=== Section Start ===

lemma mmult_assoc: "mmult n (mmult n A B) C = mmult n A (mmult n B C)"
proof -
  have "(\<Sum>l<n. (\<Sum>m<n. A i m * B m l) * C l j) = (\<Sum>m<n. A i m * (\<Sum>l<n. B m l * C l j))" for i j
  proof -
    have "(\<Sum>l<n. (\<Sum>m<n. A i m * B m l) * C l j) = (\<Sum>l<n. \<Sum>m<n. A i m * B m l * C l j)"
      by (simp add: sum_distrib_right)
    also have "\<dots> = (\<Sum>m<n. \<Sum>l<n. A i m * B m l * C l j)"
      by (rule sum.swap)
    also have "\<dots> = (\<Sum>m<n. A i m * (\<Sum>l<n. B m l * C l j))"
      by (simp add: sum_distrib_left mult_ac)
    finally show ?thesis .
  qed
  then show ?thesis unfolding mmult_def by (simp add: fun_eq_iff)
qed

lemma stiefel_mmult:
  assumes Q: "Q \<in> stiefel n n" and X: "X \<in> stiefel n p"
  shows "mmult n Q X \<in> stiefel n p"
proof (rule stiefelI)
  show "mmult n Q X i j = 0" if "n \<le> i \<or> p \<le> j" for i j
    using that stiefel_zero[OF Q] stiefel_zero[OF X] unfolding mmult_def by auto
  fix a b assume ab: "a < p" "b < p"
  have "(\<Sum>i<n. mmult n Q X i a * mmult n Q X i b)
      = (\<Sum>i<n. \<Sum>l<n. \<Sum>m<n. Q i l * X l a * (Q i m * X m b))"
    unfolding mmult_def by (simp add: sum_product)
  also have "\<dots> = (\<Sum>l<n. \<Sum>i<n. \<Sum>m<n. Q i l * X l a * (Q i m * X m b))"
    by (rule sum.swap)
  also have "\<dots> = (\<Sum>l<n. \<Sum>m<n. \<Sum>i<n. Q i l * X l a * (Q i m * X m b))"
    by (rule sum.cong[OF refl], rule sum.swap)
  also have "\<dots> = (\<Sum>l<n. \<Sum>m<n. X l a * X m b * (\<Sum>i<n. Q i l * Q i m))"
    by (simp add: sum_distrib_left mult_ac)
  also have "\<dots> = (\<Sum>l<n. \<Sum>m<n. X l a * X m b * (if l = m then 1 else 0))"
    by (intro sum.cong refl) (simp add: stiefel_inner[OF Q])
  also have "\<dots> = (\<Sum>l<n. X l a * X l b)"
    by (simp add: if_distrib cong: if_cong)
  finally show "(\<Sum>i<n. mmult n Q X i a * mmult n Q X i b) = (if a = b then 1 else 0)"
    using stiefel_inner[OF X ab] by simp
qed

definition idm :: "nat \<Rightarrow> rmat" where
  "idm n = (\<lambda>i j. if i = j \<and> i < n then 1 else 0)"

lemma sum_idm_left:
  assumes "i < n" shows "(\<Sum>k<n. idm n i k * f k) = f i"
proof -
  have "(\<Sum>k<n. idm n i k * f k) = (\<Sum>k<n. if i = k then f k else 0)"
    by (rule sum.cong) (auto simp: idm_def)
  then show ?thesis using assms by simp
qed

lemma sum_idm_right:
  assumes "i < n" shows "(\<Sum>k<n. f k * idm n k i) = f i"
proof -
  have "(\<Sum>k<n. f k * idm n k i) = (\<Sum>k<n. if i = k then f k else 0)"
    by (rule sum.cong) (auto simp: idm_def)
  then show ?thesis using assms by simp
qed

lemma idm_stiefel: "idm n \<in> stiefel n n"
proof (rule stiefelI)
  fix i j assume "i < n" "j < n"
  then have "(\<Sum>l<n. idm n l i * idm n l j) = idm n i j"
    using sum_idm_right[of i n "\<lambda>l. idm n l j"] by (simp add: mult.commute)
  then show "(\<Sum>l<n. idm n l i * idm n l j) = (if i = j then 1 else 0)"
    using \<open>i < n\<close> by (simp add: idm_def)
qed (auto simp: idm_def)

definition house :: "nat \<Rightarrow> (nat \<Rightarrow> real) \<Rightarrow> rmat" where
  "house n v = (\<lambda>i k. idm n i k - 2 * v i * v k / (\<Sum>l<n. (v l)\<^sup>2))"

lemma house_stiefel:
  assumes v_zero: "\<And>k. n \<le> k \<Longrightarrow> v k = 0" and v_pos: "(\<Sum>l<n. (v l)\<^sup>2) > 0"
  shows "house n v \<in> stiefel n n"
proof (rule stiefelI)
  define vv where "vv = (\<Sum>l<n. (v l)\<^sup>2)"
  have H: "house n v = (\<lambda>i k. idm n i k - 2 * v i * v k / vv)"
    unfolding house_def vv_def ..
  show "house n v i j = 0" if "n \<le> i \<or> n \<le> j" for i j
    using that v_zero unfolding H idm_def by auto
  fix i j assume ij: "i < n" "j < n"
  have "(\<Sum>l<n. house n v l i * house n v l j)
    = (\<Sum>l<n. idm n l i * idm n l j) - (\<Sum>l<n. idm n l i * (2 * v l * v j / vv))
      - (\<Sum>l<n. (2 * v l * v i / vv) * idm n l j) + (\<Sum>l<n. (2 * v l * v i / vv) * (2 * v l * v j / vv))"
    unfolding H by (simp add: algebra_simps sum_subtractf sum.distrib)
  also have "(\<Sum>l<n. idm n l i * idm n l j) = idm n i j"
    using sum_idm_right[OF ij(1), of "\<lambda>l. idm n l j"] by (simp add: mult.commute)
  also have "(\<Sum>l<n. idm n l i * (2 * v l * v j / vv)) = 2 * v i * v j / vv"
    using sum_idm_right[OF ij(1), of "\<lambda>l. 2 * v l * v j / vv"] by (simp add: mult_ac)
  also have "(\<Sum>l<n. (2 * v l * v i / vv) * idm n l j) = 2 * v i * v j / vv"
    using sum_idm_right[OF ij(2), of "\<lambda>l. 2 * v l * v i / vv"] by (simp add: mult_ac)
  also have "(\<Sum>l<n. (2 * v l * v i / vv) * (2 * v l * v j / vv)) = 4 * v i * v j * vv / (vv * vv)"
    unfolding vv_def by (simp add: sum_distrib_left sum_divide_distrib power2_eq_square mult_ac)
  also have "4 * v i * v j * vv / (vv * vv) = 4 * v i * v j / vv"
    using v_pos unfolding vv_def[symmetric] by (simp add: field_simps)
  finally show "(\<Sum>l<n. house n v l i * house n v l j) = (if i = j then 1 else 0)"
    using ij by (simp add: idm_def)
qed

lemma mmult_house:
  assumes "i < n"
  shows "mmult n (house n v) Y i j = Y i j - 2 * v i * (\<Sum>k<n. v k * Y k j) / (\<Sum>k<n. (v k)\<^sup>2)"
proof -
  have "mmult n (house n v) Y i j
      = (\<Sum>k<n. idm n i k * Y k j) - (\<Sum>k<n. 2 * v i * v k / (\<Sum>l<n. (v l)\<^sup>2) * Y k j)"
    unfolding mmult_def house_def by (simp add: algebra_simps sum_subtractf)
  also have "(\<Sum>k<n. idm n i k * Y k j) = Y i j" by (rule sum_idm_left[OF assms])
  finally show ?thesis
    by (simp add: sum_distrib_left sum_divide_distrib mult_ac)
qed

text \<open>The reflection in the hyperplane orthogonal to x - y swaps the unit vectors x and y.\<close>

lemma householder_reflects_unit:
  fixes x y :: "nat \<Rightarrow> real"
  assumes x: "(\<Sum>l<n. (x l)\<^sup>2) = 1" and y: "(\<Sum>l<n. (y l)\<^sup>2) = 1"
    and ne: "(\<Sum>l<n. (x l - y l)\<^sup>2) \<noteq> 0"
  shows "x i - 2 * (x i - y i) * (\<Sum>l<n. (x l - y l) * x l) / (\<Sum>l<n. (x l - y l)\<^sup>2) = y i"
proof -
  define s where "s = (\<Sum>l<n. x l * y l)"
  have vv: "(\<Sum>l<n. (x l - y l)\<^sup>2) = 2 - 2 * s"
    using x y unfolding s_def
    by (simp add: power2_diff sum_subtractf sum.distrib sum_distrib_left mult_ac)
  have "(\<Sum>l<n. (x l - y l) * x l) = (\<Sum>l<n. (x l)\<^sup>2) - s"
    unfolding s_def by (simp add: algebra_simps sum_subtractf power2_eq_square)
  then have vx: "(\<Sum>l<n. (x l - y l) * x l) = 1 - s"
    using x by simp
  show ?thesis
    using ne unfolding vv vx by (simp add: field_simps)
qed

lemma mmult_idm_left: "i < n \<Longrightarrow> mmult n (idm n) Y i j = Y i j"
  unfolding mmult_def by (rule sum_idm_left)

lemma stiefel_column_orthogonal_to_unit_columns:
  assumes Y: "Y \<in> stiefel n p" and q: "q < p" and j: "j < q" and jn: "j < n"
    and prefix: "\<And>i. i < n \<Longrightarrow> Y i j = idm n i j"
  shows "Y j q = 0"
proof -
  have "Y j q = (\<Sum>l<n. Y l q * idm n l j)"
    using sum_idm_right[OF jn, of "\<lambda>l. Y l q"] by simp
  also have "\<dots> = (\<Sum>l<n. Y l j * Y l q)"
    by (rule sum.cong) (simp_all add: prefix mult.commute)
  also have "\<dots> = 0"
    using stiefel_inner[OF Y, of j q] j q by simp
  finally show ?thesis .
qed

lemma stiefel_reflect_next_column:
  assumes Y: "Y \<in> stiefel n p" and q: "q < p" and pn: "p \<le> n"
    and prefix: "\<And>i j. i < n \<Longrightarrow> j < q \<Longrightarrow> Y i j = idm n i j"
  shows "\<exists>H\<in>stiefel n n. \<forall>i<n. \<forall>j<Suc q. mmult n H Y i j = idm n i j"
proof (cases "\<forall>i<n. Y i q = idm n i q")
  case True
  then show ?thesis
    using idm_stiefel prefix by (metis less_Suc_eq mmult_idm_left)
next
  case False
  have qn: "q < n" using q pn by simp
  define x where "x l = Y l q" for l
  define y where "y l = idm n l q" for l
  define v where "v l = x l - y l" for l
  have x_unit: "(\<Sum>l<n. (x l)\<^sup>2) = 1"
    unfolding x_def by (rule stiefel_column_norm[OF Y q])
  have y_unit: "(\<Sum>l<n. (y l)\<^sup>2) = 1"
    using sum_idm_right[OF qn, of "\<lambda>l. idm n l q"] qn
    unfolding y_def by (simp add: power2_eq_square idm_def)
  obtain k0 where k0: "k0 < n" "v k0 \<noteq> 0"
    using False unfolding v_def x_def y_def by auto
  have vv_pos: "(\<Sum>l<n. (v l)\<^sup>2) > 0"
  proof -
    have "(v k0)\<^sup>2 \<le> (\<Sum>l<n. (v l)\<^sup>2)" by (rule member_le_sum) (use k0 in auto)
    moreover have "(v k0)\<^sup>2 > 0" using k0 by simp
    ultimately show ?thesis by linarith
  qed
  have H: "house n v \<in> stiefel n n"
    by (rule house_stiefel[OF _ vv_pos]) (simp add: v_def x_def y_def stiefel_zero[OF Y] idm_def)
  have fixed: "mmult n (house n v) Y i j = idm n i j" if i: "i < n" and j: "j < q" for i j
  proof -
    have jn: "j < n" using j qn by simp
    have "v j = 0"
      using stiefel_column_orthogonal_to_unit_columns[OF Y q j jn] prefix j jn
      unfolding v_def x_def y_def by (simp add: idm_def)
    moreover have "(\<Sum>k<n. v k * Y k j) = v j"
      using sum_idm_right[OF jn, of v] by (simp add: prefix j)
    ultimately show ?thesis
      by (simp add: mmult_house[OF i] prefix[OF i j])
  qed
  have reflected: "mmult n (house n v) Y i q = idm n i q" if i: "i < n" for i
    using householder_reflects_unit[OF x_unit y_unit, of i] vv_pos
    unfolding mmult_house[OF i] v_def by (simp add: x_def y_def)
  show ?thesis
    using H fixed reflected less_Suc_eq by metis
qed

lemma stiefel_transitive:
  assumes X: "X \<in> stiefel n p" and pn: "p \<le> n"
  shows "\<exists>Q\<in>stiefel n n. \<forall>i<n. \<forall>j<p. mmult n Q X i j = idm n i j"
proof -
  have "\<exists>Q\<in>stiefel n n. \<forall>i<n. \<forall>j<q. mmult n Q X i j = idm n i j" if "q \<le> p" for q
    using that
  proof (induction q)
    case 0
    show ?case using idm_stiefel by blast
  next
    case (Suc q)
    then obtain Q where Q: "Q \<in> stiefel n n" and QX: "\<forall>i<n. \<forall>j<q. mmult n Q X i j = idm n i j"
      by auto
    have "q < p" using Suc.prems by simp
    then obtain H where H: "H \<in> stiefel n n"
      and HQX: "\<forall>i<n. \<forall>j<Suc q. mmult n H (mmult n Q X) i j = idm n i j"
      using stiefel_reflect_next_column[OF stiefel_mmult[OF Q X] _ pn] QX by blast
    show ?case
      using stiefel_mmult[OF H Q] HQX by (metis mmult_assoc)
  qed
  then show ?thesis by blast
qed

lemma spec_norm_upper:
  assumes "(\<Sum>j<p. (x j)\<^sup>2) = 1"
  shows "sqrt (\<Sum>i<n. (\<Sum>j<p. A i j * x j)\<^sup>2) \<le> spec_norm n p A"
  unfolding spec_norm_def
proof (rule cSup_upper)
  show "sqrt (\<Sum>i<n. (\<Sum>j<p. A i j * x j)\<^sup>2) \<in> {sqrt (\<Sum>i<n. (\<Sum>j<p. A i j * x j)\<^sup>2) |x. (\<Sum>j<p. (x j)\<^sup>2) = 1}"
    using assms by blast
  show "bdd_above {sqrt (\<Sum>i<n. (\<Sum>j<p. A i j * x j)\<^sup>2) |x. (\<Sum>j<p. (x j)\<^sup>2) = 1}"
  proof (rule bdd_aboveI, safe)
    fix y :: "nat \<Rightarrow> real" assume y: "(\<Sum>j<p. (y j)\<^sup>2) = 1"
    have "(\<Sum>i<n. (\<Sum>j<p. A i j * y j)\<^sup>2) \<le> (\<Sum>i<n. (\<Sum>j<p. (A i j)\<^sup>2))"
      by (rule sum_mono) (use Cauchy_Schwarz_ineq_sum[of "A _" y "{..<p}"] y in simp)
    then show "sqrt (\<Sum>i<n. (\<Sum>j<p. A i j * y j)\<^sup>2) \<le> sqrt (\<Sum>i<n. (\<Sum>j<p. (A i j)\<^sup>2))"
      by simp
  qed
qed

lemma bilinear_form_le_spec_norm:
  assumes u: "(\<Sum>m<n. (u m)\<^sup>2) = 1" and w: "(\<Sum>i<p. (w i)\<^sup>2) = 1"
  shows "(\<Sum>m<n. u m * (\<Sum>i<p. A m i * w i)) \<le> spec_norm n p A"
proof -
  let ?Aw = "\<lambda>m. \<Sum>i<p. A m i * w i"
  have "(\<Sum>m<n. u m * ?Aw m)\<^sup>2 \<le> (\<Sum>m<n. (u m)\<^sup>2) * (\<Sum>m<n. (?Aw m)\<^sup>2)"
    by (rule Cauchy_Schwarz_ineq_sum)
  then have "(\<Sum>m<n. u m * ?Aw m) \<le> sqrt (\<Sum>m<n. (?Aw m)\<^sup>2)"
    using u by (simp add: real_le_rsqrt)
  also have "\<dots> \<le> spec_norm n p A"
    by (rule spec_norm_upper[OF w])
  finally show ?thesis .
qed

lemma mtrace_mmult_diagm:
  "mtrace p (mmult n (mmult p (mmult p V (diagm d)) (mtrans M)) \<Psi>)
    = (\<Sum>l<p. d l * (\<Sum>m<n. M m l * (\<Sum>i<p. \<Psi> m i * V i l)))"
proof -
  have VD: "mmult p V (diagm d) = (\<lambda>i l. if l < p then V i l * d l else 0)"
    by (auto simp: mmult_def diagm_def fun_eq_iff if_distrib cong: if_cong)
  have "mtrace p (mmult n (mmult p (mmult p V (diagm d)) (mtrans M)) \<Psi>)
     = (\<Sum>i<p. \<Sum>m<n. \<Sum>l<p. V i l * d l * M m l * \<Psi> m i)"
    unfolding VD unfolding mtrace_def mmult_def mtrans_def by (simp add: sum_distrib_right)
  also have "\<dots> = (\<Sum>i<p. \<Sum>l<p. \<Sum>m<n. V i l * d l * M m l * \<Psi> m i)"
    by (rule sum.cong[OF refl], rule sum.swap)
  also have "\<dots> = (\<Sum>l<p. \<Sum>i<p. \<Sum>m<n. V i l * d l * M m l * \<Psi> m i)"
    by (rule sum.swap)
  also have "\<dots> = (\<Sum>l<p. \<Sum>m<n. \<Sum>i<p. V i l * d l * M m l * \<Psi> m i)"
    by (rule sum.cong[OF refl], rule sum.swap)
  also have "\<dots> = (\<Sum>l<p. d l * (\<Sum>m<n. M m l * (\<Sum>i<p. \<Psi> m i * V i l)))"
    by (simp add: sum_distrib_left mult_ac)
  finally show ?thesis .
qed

=== Section End ===

▸ **TASK INSTRUCTIONS**
Tally the lines in the records that hold the word "definition". Give only the total.

▸ **ANSWER SECTION**
2